In Canada, brokers have generally been successful in defending against pure direct insurance distribution models. Despite that, brokers must be prepared to develop more efficient ways to deliver insurance to the consumer while still being able to provide the consumer professional advice if needed. At its core, a brokerages’ value is directly related to the cash flow that can be earned from the book of business and the risk associated with either growing or losing that cash flow. New forms of distribution create both opportunities and risks. Brokers and Underwriters are now faced with the decision of how to use technology to protect their current customer relationships, as well as attract new customers.

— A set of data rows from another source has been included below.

lemma two_stage_edge_homotopy_in_simplices:
  fixes \<delta> :: "real \<Rightarrow> 'v \<Rightarrow> real"
  assumes K: "simplicial_complex K" and \<delta>: "pathin (realization_top K) \<delta>" and N: "0 < N"
    and chain: "\<And>i u. i < N \<Longrightarrow> real i \<le> real N * u \<Longrightarrow> real N * u \<le> real i + 1 \<Longrightarrow>
       {vs i, vs (Suc i)} \<subseteq> supp (\<delta> u)"
    and ws: "\<And>i. ws (2 * i) = vs i"
    and triangle: "\<And>i. i < N \<Longrightarrow> {ws (2 * i), ws (Suc (2 * i)), ws (Suc (Suc (2 * i)))} \<in> K"
  defines "G \<equiv> two_stage_homotopy \<delta> (edge_path N vs) (edge_path (2 * N) ws)"
  obtains F where "finite F" "F \<subseteq> K"
    "\<And>z. z \<in> {0..1} \<times> {0..1} \<Longrightarrow> \<exists>\<tau>\<in>F. G z \<in> closed_simplex \<tau>"
proof -
  define E where "E i = {ws (2 * i), ws (Suc (2 * i)), ws (Suc (Suc (2 * i)))}" for i
  define F where "F = supp ` \<delta> ` {0..1} \<union> E ` {..<N}"
  have \<delta>K: "\<delta> u \<in> realization K" if "u \<in> {0..1}" for u
    using path_image_subset_topspace[OF \<delta>] that by (auto simp: topspace_realization_top)
  have ws2: "ws (Suc (Suc (2 * i))) = vs (Suc i)" for i
    using ws[of "Suc i"] by simp
  have "finite F"
    using finite_supp_compactin[OF K compactin_path_image[OF \<delta>]] unfolding F_def by blast
  moreover have "F \<subseteq> K"
    using realization_supp(1)[OF K \<delta>K] triangle unfolding F_def E_def by auto
  moreover have "\<exists>\<tau>\<in>F. G (s, u) \<in> closed_simplex \<tau>" if "s \<in> {0..1}" "u \<in> {0..1}" for s u
  proof -
    obtain i where i: "i < N" "real i \<le> real N * u" "real N * u \<le> real i + 1"
      using unit_interval_segment[OF N \<open>u \<in> {0..1}\<close>] .
    have "finite (supp (\<delta> u))"
      using simplicial_complex_finite[OF K realization_supp(1)[OF K \<delta>K[OF that(2)]]] .
    then have "edge_path N vs u \<in> closed_simplex (supp (\<delta> u))"
      using edge_path_in_closed_simplex[OF i] chain[OF i] by auto
    moreover have "edge_path N vs u \<in> closed_simplex (E i)"
      by (rule edge_path_in_closed_simplex[OF i]) (auto simp: E_def ws ws2)
    moreover have "edge_path (2 * N) ws u \<in> closed_simplex (E i)"
      unfolding E_def by (rule edge_path_double_in_closed_simplex[OF i]) auto
    ultimately have "G (s, u) \<in> closed_simplex (supp (\<delta> u)) \<union> closed_simplex (E i)"
      unfolding G_def using that realization_supp(2)[OF K \<delta>K[OF that(2)]]
      by (intro two_stage_homotopy_in_closed_simplex)
    then show ?thesis using that i(1) unfolding F_def by auto
  qed
  ultimately show ?thesis by (intro that) auto
qed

Those brokers who are able to use on-line distribution as part of their service offerings will be well positioned to both grow, as well as protect the enterprise value of their businesses. Many brokers are addressing this issue, but it remains to be seen exactly what it will look like.

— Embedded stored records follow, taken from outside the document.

definition R_S :: "'g set \<Rightarrow> ('g \<times> 'g) set \<Rightarrow> ('g \<times> 'g) set \<Rightarrow> ('g \<times> 'g) set \<Rightarrow> ('g \<Rightarrow> 's) \<Rightarrow> ('s \<times> 's \<times> 's) set" where
  "R_S L Gl Ge Gg \<sigma> =
     {t. \<exists>x y z. x \<in> L \<and> y \<in> L \<and> z \<in> L \<and>
        \<sigma> x \<noteq> \<sigma> y \<and> \<sigma> x \<noteq> \<sigma> z \<and> \<sigma> y \<noteq> \<sigma> z \<and>
        (((x, z) \<in> Gl \<and> (y, z) \<in> Gl \<and> (x, y) \<notin> Gl) \<or>
         ((x, y) \<in> Gg \<and> (x, z) \<notin> Gg \<and> (y, z) \<notin> Gg)) \<and>
        t = (\<sigma> x, \<sigma> y, \<sigma> z)}"

definition F_S :: "'g set \<Rightarrow> ('g \<times> 'g) set \<Rightarrow> ('g \<times> 'g) set \<Rightarrow> ('g \<times> 'g) set \<Rightarrow> ('g \<Rightarrow> 's) \<Rightarrow> ('s \<times> 's \<times> 's) set" where
  "F_S L Gl Ge Gg \<sigma> =
     {t. \<exists>x y z. x \<in> L \<and> y \<in> L \<and> z \<in> L \<and>
        \<sigma> x \<noteq> \<sigma> y \<and> \<sigma> x \<noteq> \<sigma> z \<and> \<sigma> y \<noteq> \<sigma> z \<and>
        (x, z) \<in> Ge \<and> (y, z) \<in> Ge \<and> (x, y) \<notin> Ge \<and>
        (t = (\<sigma> x, \<sigma> z, \<sigma> y) \<or> t = (\<sigma> y, \<sigma> z, \<sigma> x))}"

end

theory Submission
  imports Defs
begin

(* In a tree with a time map, d x y = \<tau> (lca x y) is an ultrametric: of d x y, d x z, d y z the two
   largest coincide. Moreover the tree displays xy|z exactly when d x y < d x z. On the leaves of T
   this yields two ultrametrics, t from the gene tree and s x y = \<tau>S (lcaS (\<sigma> x) (\<sigma> y)) from the
   species tree, and G_<, G_=, G_> record where t lies below, on, or above s. Every condition defining
   R_T and F_T then forces, respectively forbids, t x y < t x z by a three-point argument on the two
   ultrametrics; the conditions defining R_S and F_S are the same ones with t and s exchanged, which
   swaps G_< and G_>. *)

(* Only symmetry and the strong triangle inequality: d x x need not vanish, as \<tau> (lca x x) = \<tau> x. *)
definition ultrametric_on :: "'a set \<Rightarrow> ('a \<Rightarrow> 'a \<Rightarrow> real) \<Rightarrow> bool" where
  "ultrametric_on A d \<longleftrightarrow>
     (\<forall>x\<in>A. \<forall>y\<in>A. d x y = d y x) \<and> (\<forall>x\<in>A. \<forall>y\<in>A. \<forall>z\<in>A. d x y \<le> max (d x z) (d y z))"

lemma ultrametric_on_three_points:
  assumes "ultrametric_on A d" "x \<in> A" "y \<in> A" "z \<in> A"
  shows "d y x = d x y" "d z x = d x z" "d z y = d y z"
    "d x y \<le> max (d x z) (d y z)" "d x z \<le> max (d x y) (d y z)" "d y z \<le> max (d x y) (d x z)"
  using assms unfolding ultrametric_on_def by metis+
(* Let $N,k$ be positive integers and $\lambda$ a partition with $l(\lambda)\le N$. Then: (1) $c'_\lambda(q,t)$ is nonzero at $q^kt^N=1$. (2) $c_\lambda(q,t)$ is zero at $q^kt^N=1$ if and only if $l(\lambda^t)>k$ and $l(\overline{\lambda}^t)\le k$. Moreover, in that case exactly one of the factors $1-q^{a(s)}t^{l(s)+1}$, $s\in\lambda$, becomes zero at $q^kt^N=1$ (the order of vanishing is $1$).
   Context: Partitions $\lambda=(\lambda_1\ge\lambda_2\ge\cdots)$ are identified with Young diagrams $\{(i,j): i\ge1,\ 1\le j\le\lambda_i\}$; $\lambda^t$ is the transpose partition, $l(\lambda)$ the number of nonzero parts (so $l(\lambda^t)=\lambda_1$), $|\lambda|=\sum_i\lambda_i$. For a box $s=(i,j)\in\lambda$: arm $a(s)=\lambda_i-j$, leg $l(s)=\lambda^t_j-i$. Set $c_\lambda(q,t)=\prod_{s\in\lambda}(1-q^{a(s)}t^{l(s)+1})$ and $c'_\lambda(q,t)=\prod_{s\in\lambda}(1-q^{a(s)+1}t^{l(s)})$. For a partition $\lambda$ with $l(\lambda)\le N$, $\overline{\lambda}$ denotes the partition $(\lambda_1-\lambda_N,\lambda_2-\lambda_N,\dots,\lambda_{N-1}-\lambda_N)$ obtained by removing all columns of height $N$ (so $l(\overline\lambda)<N$). Specialization at $q^kt^N=1$: let $m=\gcd(k,N)$, fix a primitive $m$-th root of unity $\omega$ and $\omega_1\in\mathbb C$ with $\omega_1^{N/m}=\omega$. Let $v$ be an indeterminate and consider the ring homomorphism $\mathbb Z[q^{\pm1},t^{\pm1}]\to\mathbb C(v)$, $q\mapsto v^N$, $t\mapsto v^{-k}\omega_1$. An element is said to be zero (resp. nonzero) at $q^kt^N=1$ if its image under this homomorphism is zero (resp. nonzero). *)

theory Defs
  imports Complex_Main "HOL-Computational_Algebra.Polynomial" "HOL-Computational_Algebra.Fraction_Field"
begin

definition is_partition :: "nat list \<Rightarrow> bool" where
  "is_partition lam \<longleftrightarrow> sorted_wrt (\<ge>) lam \<and> 0 \<notin> set lam"

(* lambda_i, 1-based, zero beyond the length *)
definition part :: "nat list \<Rightarrow> nat \<Rightarrow> nat" where
  "part lam i = (if 1 \<le> i \<and> i \<le> length lam then lam ! (i - 1) else 0)"

definition diagram :: "nat list \<Rightarrow> (nat \<times> nat) set" where
  "diagram lam = {(i, j). 1 \<le> i \<and> 1 \<le> j \<and> j \<le> part lam i}"

definition conjpart :: "nat list \<Rightarrow> nat \<Rightarrow> nat" where
  "conjpart lam j = length (filter (\<lambda>x. j \<le> x) lam)"

(* the transpose partition lambda^t, as a list of its nonzero parts *)
definition ptrans :: "nat list \<Rightarrow> nat list" where
  "ptrans lam = map (conjpart lam) [1..<Suc (part lam 1)]"

definition arm :: "nat list \<Rightarrow> nat \<times> nat \<Rightarrow> nat" where
  "arm lam s = part lam (fst s) - snd s"

definition leg :: "nat list \<Rightarrow> nat \<times> nat \<Rightarrow> nat" where
  "leg lam s = conjpart lam (snd s) - fst s"

definition c_lam :: "nat list \<Rightarrow> 'a::comm_ring_1 \<Rightarrow> 'a \<Rightarrow> 'a" where
  "c_lam lam q t = (\<Prod>s\<in>diagram lam. 1 - q ^ arm lam s * t ^ (leg lam s + 1))"

definition c'_lam :: "nat list \<Rightarrow> 'a::comm_ring_1 \<Rightarrow> 'a \<Rightarrow> 'a" where
  "c'_lam lam q t = (\<Prod>s\<in>diagram lam. 1 - q ^ (arm lam s + 1) * t ^ leg lam s)"

(* overline lambda: remove all columns of height N (nonzero parts of
   (lambda_1 - lambda_N, ..., lambda_{N-1} - lambda_N)) *)
definition bar :: "nat \<Rightarrow> nat list \<Rightarrow> nat list" where
  "bar N lam = filter (\<lambda>x. x \<noteq> 0) (map (\<lambda>i. part lam i - part lam N) [1..<N])"

definition primitive_root :: "nat \<Rightarrow> complex \<Rightarrow> bool" where
  "primitive_root m w \<longleftrightarrow> w ^ m = 1 \<and> (\<forall>d. 0 < d \<and> d < m \<longrightarrow> w ^ d \<noteq> 1)"

(* The field C(v) is complex poly fract; v is the indeterminate *)
definition var_v :: "complex poly fract" where
  "var_v = Fract [:0, 1:] 1"

definition specQ :: "nat \<Rightarrow> complex poly fract" where
  "specQ N = var_v ^ N"

definition specT :: "nat \<Rightarrow> complex \<Rightarrow> complex poly fract" where
  "specT k w1 = inverse var_v ^ k * Fract [:w1:] 1"

end

theory Submission
  imports Defs
begin

(* Under q := v^N, t := v^(-k) * omega1 a factor 1 - q^a t^L becomes
   1 - omega1^L v^(N a - k L), which vanishes in C(v) iff N a = k L and omega1^L = 1.
   Since omega1^(N/m) is a primitive m-th root of unity (m = gcd k N), these two
   conditions force N to divide L.  In a partition with at most N rows every leg is
   smaller than N, hence:
   - a factor of c'_lambda (exponents a(s)+1, l(s)) could only vanish with l(s) = 0,
     which forces a(s)+1 = 0; so c'_lambda never vanishes;
   - a factor of c_lambda (exponents a(s), l(s)+1) vanishes iff l(s)+1 = N and
     a(s) = k, i.e. iff s is the box in row 1 with arm k lying in a column of height N.
   Such a box exists iff lambda_1 > k and lambda_1 - lambda_N <= k, and it is unique. *)

lemma var_v_power: "var_v ^ n = Fract (monom 1 n) 1"
proof (induction n)
  case 0 then show ?case by (simp add: One_fract_def monom_0 one_pCons)
next
  case (Suc n) then show ?case
    by (simp add: var_v_def mult_monom monom_Suc)
qed

lemma Fract_const_power: "Fract [:c:] 1 ^ n = Fract [:c ^ n:] 1"
  by (induction n) (auto simp: One_fract_def one_pCons mult.commute)

lemma var_v_nonzero: "var_v \<noteq> 0"
  by (simp add: var_v_def Zero_fract_def eq_fract)

lemma one_minus_monomial_eq_zero_iff:
  fixes c :: complex
  shows "1 - var_v ^ A * (inverse var_v ^ B * Fract [:c:] 1) = 0 \<longleftrightarrow> A = B \<and> c = 1"
proof -
  have "1 - var_v ^ A * (inverse var_v ^ B * Fract [:c:] 1) = 0 \<longleftrightarrow>
        var_v ^ B = var_v ^ A * Fract [:c:] 1"
    using var_v_nonzero by (auto simp: field_simps)
  also have "\<dots> \<longleftrightarrow> monom 1 B = monom 1 A * [:c:]"
    by (simp add: var_v_power eq_fract)
  also have "monom 1 A * [:c:] = monom c A"
    using mult_monom[of 1 A c 0] by (simp add: monom_0)
  also have "monom 1 B = monom c A \<longleftrightarrow> A = B \<and> c = 1"
    by (auto simp: monom_eq_iff')
  finally show ?thesis .
qed

lemma spec_factor_eq_zero_iff:
  fixes w :: complex
  shows "1 - specQ N ^ a * specT k w ^ L = 0 \<longleftrightarrow> N * a = k * L \<and> w ^ L = 1"
proof -
  have "specQ N ^ a * specT k w ^ L
      = var_v ^ (N * a) * (inverse var_v ^ (k * L) * Fract [:w ^ L:] 1)"
    by (simp add: specQ_def specT_def power_mult_distrib Fract_const_power flip: power_mult)
  then show ?thesis using one_minus_monomial_eq_zero_iff by simp
qed

lemma primitive_root_pow_eq_one_dvd:
  assumes "primitive_root m w" "0 < m" "w ^ r = 1"
  shows "m dvd r"
proof -
  have "w ^ r = (w ^ m) ^ (r div m) * w ^ (r mod m)"
    by (metis div_mult_mod_eq mult.commute power_add power_mult)
  then have "w ^ (r mod m) = 1"
    using assms(1,3) by (simp add: primitive_root_def)
  moreover have "r mod m < m" using assms(2) by simp
  ultimately have "r mod m = 0"
    using assms(1) unfolding primitive_root_def by (metis bot_nat_0.not_eq_extremum)
  then show ?thesis by (simp add: mod_eq_0_iff_dvd)
qed

(* If N a = k L then N / gcd k N divides L, as N / gcd and k / gcd are coprime. *)
lemma div_gcd_dvd_of_mult_eq:
  fixes N k a L :: nat
  assumes "0 < N" "N * a = k * L"
  shows "N div gcd k N dvd L"
proof -
  define m where "m = gcd k N"
  have "0 < m" using assms(1) by (simp add: m_def)
  have N: "N = N div m * m" and k: "k = k div m * m" by (simp_all add: m_def)
  have "coprime (k div m) (N div m)"
    unfolding m_def using div_gcd_coprime assms(1) by blast
  moreover have "(N div m * a) * m = (k div m * L) * m"
    using assms(2) N k by (metis mult.commute mult.left_commute)
  then have "N div m * a = k div m * L" using \<open>0 < m\<close> by simp
  ultimately show ?thesis
    by (metis coprime_commute coprime_dvd_mult_right_iff dvd_triv_left m_def)
qed

lemma spec_root_dvd:
  fixes \<omega> \<omega>\<^sub>1 :: complex
  assumes "0 < N" "primitive_root (gcd k N) \<omega>" "\<omega>\<^sub>1 ^ (N div gcd k N) = \<omega>"
    and "N * a = k * L" "\<omega>\<^sub>1 ^ L = 1"
  shows "N dvd L"
proof -
  obtain r where r: "L = N div gcd k N * r"
    using div_gcd_dvd_of_mult_eq[OF assms(1,4)] by blast
  have "\<omega> ^ r = 1" using assms(3,5) r by (simp add: power_mult)
  then have "gcd k N dvd r"
    using primitive_root_pow_eq_one_dvd[OF assms(2)] assms(1) by simp
  then show ?thesis using r by (metis dvd_div_mult_self gcd_dvd2 mult_dvd_mono dvd_refl)
qed

lemma spec_root_pow_N:
  fixes \<omega> \<omega>\<^sub>1 :: complex
  assumes "primitive_root (gcd k N) \<omega>" "\<omega>\<^sub>1 ^ (N div gcd k N) = \<omega>"
  shows "\<omega>\<^sub>1 ^ N = 1"
proof -
  have "\<omega>\<^sub>1 ^ N = \<omega> ^ gcd k N"
    using assms(2) by (metis gcd_dvd2 dvd_div_mult_self power_mult)
  then show ?thesis using assms(1) by (simp add: primitive_root_def)
qed

lemma partition_nth_antimono:
  assumes "is_partition lam" "i \<le> j" "j < length lam"
  shows "lam ! j \<le> lam ! i"
  using assms sorted_wrt_nth_less[of "(\<ge>)" lam i j]
  unfolding is_partition_def by (cases "i = j") auto

lemma part_le_first:
  assumes "is_partition lam" "1 \<le> i"
  shows "part lam i \<le> part lam 1"
  using assms partition_nth_antimono[OF assms(1), of 0 "i - 1"] by (auto simp: part_def)

lemma diagram_finite: "finite (diagram lam)"
proof (rule finite_subset)
  show "diagram lam \<subseteq> {..length lam} \<times> {..sum_list lam}"
  proof
    fix s assume "s \<in> diagram lam"
    then obtain i j where s: "s = (i, j)" "1 \<le> i" "1 \<le> j" "j \<le> part lam i"
      by (auto simp: diagram_def)
    then have "i \<le> length lam" by (auto simp: part_def split: if_splits)
    moreover have "part lam i \<le> sum_list lam"
      by (auto simp: part_def member_le_sum_list)
    ultimately show "s \<in> {..length lam} \<times> {..sum_list lam}" using s by auto
  qed
qed simp

lemma conjpart_le_length: "conjpart lam j \<le> length lam"
  by (simp add: conjpart_def)

lemma box_row_le_conjpart:
  assumes "is_partition lam" "(i, j) \<in> diagram lam"
  shows "i \<le> conjpart lam j"
proof -
  from assms(2) have ij: "1 \<le> i" "1 \<le> j" "j \<le> part lam i" by (auto simp: diagram_def)
  then have il: "i \<le> length lam" by (auto simp: part_def split: if_splits)
  have "\<forall>x\<in>set (take i lam). j \<le> x"
  proof
    fix x assume "x \<in> set (take i lam)"
    then obtain p where p: "p < i" "x = lam ! p" using il by (auto simp: in_set_conv_nth)
    have "lam ! (i - 1) \<le> lam ! p"
      using partition_nth_antimono[OF assms(1), of p "i - 1"] p il by auto
    then show "j \<le> x" using ij il p by (simp add: part_def)
  qed
  then have "i = length (filter (\<lambda>x. j \<le> x) (take i lam))"
    using il by simp
  also have "\<dots> \<le> length (filter (\<lambda>x. j \<le> x) lam)"
    by (metis append_take_drop_id filter_append le_add1 length_append)
  finally show ?thesis by (simp add: conjpart_def)
qed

In the meantime, the market appears to be bifurcating. Certain purchasers are well positioned and willing to purchase large personal lines books while others are considerably more cautious and would prefer to focus on commercial lines.
Family Transition and Management Buy-Outs
The orderly transition of a brokerage to either family members or existing management is one of the most exciting and growing areas of our practice. While the concept is simple, it requires a considerable amount of planning and preparation.

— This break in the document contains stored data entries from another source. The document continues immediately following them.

lemma out_nbrs_x: "{u\<in>V. E x u} = X \<union> S \<union> {y}"
proof (rule card_subset_eq[OF _ out_nbrs_x_subset])
  show "finite (X \<union> S \<union> {y})"
    using finite_X finite_S by simp
  show "card {u\<in>V. E x u} = card (X \<union> S \<union> {y})"
    using out_degree x_in card_X_Un_S_Un_y card_X_eq n_eq by simp
qed

lemma x_dominates_y: "E x y"
  using out_nbrs_x by blast

lemma x_dominates_S: "s \<in> S \<Longrightarrow> E x s"
  using out_nbrs_x by blast

lemma S_dominates_y: "s \<in> S \<Longrightarrow> E s y"
  using no_path3_extremal.x_dominates_S[OF converse] .

definition z :: 'a where "z = the_elem (X \<inter> Y)"

lemma X_Int_Y_eq: "X \<inter> Y = {z}"
  using card_X_Int_Y_eq unfolding z_def by (metis card_1_singletonE the_elem_eq)

lemma z_in: "z \<in> X" "z \<in> Y"
  using X_Int_Y_eq by auto

lemma card_Y_minus_X_eq: "card (Y - X) = 2 * card S - 1"
  using card_Y_minus_X_add_Int card_Y_eq card_X_Int_Y_eq by linarith

lemma z_R_S_subset: "{z} \<union> R \<union> S \<subseteq> V"
  using z_in S_subset unfolding X_def R_def by auto

lemma card_z_R_S: "card ({z} \<union> R \<union> S) = 2 * (card S + 1) + 1"
proof -
  have "z \<notin> R \<union> S"
    using z_in S_disjoint R_disjoint by blast
  moreover have "card (R \<union> S) = card R + card S"
    using finite_R finite_S S_disjoint(3) by (intro card_Un_disjoint) auto
  ultimately show ?thesis
    using card_R_eq finite_R finite_S by simp
qed

lemma out_degree_z_R_S:
  assumes w: "w \<in> {z} \<union> R \<union> S"
  shows "card {u\<in>{z} \<union> R \<union> S. E w u} \<le> card S + 1"
proof -
  \<comment> \<open>w dominates 2|S| vertices outside {z} \<union> R \<union> S, leaving at most n - 2|S| inside\<close>
  have bound: "card {u\<in>{z} \<union> R \<union> S. E w u} \<le> card S + 1"
    if "D \<inter> ({z} \<union> R \<union> S) = {}" "\<forall>d\<in>D. E w d" "card D = 2 * card S" for D
    using out_degree_inside_bound[OF _ that(1,2)] that(3) w z_R_S_subset n_eq by auto
  have card_D: "card (insert y (X - Y)) = 2 * card S" "card (insert x (Y - X)) = 2 * card S"
    "card (insert y (Y - X)) = 2 * card S"
    using card_insert_disjoint[of "X - Y" y] card_insert_disjoint[of "Y - X" x]
      card_insert_disjoint[of "Y - X" y] finite_X finite_Y x_notin y_notin
      card_X_minus_Y_eq card_Y_minus_X_eq card_S_pos by simp_all
  consider "w = z" | "w \<in> R" | "w \<in> S"
    using w by blast
  then show ?thesis
  proof cases
    case 1
    have "E z y"
      using z_in(2) unfolding Y_def by blast
    moreover have "\<forall>d\<in>X - Y. E z d"
      using z_in(2) Y_dominates_X by blast
    moreover have "insert y (X - Y) \<inter> ({z} \<union> R \<union> S) = {}"
      using z_in y_in y_notin S_disjoint R_disjoint by auto
    ultimately show ?thesis
      using bound[OF _ _ card_D(1)] 1 by blast
  next
    case 2
    have "E w x" "\<forall>d\<in>Y - X. E w d"
      using 2 R_dominates_x dominates_Y_minus_X by blast+
    moreover have "insert x (Y - X) \<inter> ({z} \<union> R \<union> S) = {}"
      using z_in x_in x_notin S_disjoint R_disjoint by auto
    ultimately show ?thesis
      using bound[OF _ _ card_D(2)] by blast
  next
    case 3
    have "E w y" "\<forall>d\<in>Y - X. E w d"
      using 3 S_dominates_y dominates_Y_minus_X by blast+
    moreover have "insert y (Y - X) \<inter> ({z} \<union> R \<union> S) = {}"
      using z_in y_in y_notin S_disjoint R_disjoint by auto
    ultimately show ?thesis
      using bound[OF _ _ card_D(3)] by blast
  qed
qed

lemma regular_z_R_S: "regular_on ({z} \<union> R \<union> S) E"
  using tournament_regular_on_if_out_degree_le[OF tournament z_R_S_subset card_z_R_S]
    out_degree_z_R_S by blast

lemma in_family_G: "in_family_G V E"
proof -
  have x_to_X: "E x v" if "v \<in> X" for v
    using that unfolding X_def by blast
  have Y_to_y: "E w y" if "w \<in> Y" for w
    using that unfolding Y_def by blast
  have "9 \<le> 6 * card S + 3" "card V = 6 * card S + 3"
    using card_S_pos card_V n_eq by simp_all
  moreover have "V = {x, y, z} \<union> (X - Y) \<union> R \<union> (Y - X) \<union> S"
    using V_split X_Int_Y_eq by auto
  moreover have "distinct [x, y, z]" "{x, y, z} \<inter> ((X - Y) \<union> R \<union> (Y - X) \<union> S) = {}"
    using x_ne_y z_in x_in y_in x_notin y_notin S_disjoint R_disjoint by auto
  moreover have "(X - Y) \<inter> R = {}" "(X - Y) \<inter> (Y - X) = {}" "(X - Y) \<inter> S = {}"
    "R \<inter> (Y - X) = {}" "R \<inter> S = {}" "(Y - X) \<inter> S = {}"
    using S_disjoint R_disjoint by auto
  moreover have "card (X - Y) = 2 * card S - 1" "card (Y - X) = 2 * card S - 1"
    "card R = card S + 2"
    using card_X_minus_Y_eq card_Y_minus_X_eq card_R_eq card_S_pos by simp_all
  moreover have "dominates E (X - Y) (R \<union> S)" "dominates E (R \<union> S) (Y - X)"
    "dominates E (Y - X) (X - Y)" "dominates E (Y - X) {z}" "dominates E {z} (X - Y)"
    unfolding dominates_def using X_minus_Y_dominates dominates_Y_minus_X Y_dominates_X z_in
    by blast+
  moreover have "dominates E {x} ({y, z} \<union> (X - Y) \<union> S)"
    "dominates E ({x, z} \<union> (Y - X) \<union> S) {y}"
    "dominates E {y} ((X - Y) \<union> R)" "dominates E (R \<union> (Y - X)) {x}"
    unfolding dominates_def
    using x_dominates_y x_dominates_S S_dominates_y y_dominates_X_minus_Y y_dominates_R
      R_dominates_x Y_minus_X_dominates_x z_in x_to_X Y_to_y by auto
  ultimately show ?thesis
    unfolding in_family_G_def using regular regular_X_minus_Y regular_Y_minus_X regular_z_R_S
    by blast
qed

end

theorem lemma3p2:
  fixes V :: "'a set" and E :: "'a \<Rightarrow> 'a \<Rightarrow> bool" and S :: "'a set"
    and x y :: 'a and n :: nat
  assumes "regular_tournament V E"
    and "card V = 2 * n + 1"
    and "S \<subseteq> V"
    and "x \<in> V - S" and "y \<in> V - S" and "x \<noteq> y"
  shows "(n \<ge> 3 \<and> 3 * card S \<le> n - 1 \<longrightarrow>
            has_path3 V E S x y \<or> iso_to_family_G V E)
       \<and> (n \<ge> 5 \<and> 2 * card S \<le> n \<and> \<not> has_path3 V E S x y \<longrightarrow>
            has_path4 V E S x y)"
proof -
  have setting: "terminal_pair V E S x y n"
    using assms by unfold_locales
  have no_path3: "no_path3 V E S x y n" if "\<not> has_path3 V E S x y"
    using setting that by (intro no_path3.intro no_path3_axioms.intro)
  show ?thesis
  proof (intro conjI impI)
    assume small: "n \<ge> 3 \<and> 3 * card S \<le> n - 1"
    show "has_path3 V E S x y \<or> iso_to_family_G V E"
    proof (cases "has_path3 V E S x y")
      case False
      then have np: "no_path3 V E S x y n"
        by (rule no_path3)
      then have "no_path3_extremal V E S x y n"
        using no_path3.counts_if_small[OF np] small by (intro no_path3_extremal.intro no_path3_extremal_axioms.intro) simp_all
      then show ?thesis
        by (intro disjI2 in_family_G_imp_iso_to_family_G no_path3_extremal.in_family_G)
    qed simp
  next
    assume large: "n \<ge> 5 \<and> 2 * card S \<le> n \<and> \<not> has_path3 V E S x y"
    then have "no_path3 V E S x y n"
      using no_path3 by blast
    then show "has_path4 V E S x y"
      using large by (intro no_path3.has_path4) auto
  qed
qed

end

The first, and most important part of the process, is for current ownership to commit to the process of transition. To be clear, it is easier to prepare a business for sale and run an auction to get the highest price and best terms than it is to transition ownership. An ownership transition plan can be complicated, delay the ultimate monetization of your life’s work and be frustrating to put in place.
Having said that, the benefits can far outweigh the costs. The brokerage owner can develop and execute a staged exit plan well before their retirement. Money can be taken off the table while you are still young enough to enjoy it, and it allows a new generation of leaders to take what you built to the next level with new energy and ideas. It has been our experience that a well-executed transition plan can leave the current ownership and the organization in a good place financially and emotionally.
A transition plan typically addresses:
- A personal financial plan
- A pricing analysis
- A financing plan
- Terms and conditions of the deal
- Income tax issues
- Timing
- Shareholder agreements
It is our advice that both a family transition and a management buyout be undertaken as an arm’s-length transaction at fair market value. There are many ways that a vendor can facilitate their family members transition to ownership without lowering the price.
One of the changes in the industry that has allowed more management transitions to take place is the increased availability of capital. As banks and other lenders have become more comfortable with the underlying value of an insurance book of business, they have been more open and are actively offering loans and other forms of financing to facilitate these deals.
In closing, we would like to stress that there continues to be great opportunities for brokers in P&C insurance distribution. Yes, there are changes to distribution channels and how brokers transition to new owners, but the fundamental need for insurance products remains and the reliability of cash flow will continue to fuel demand for well managed books of business.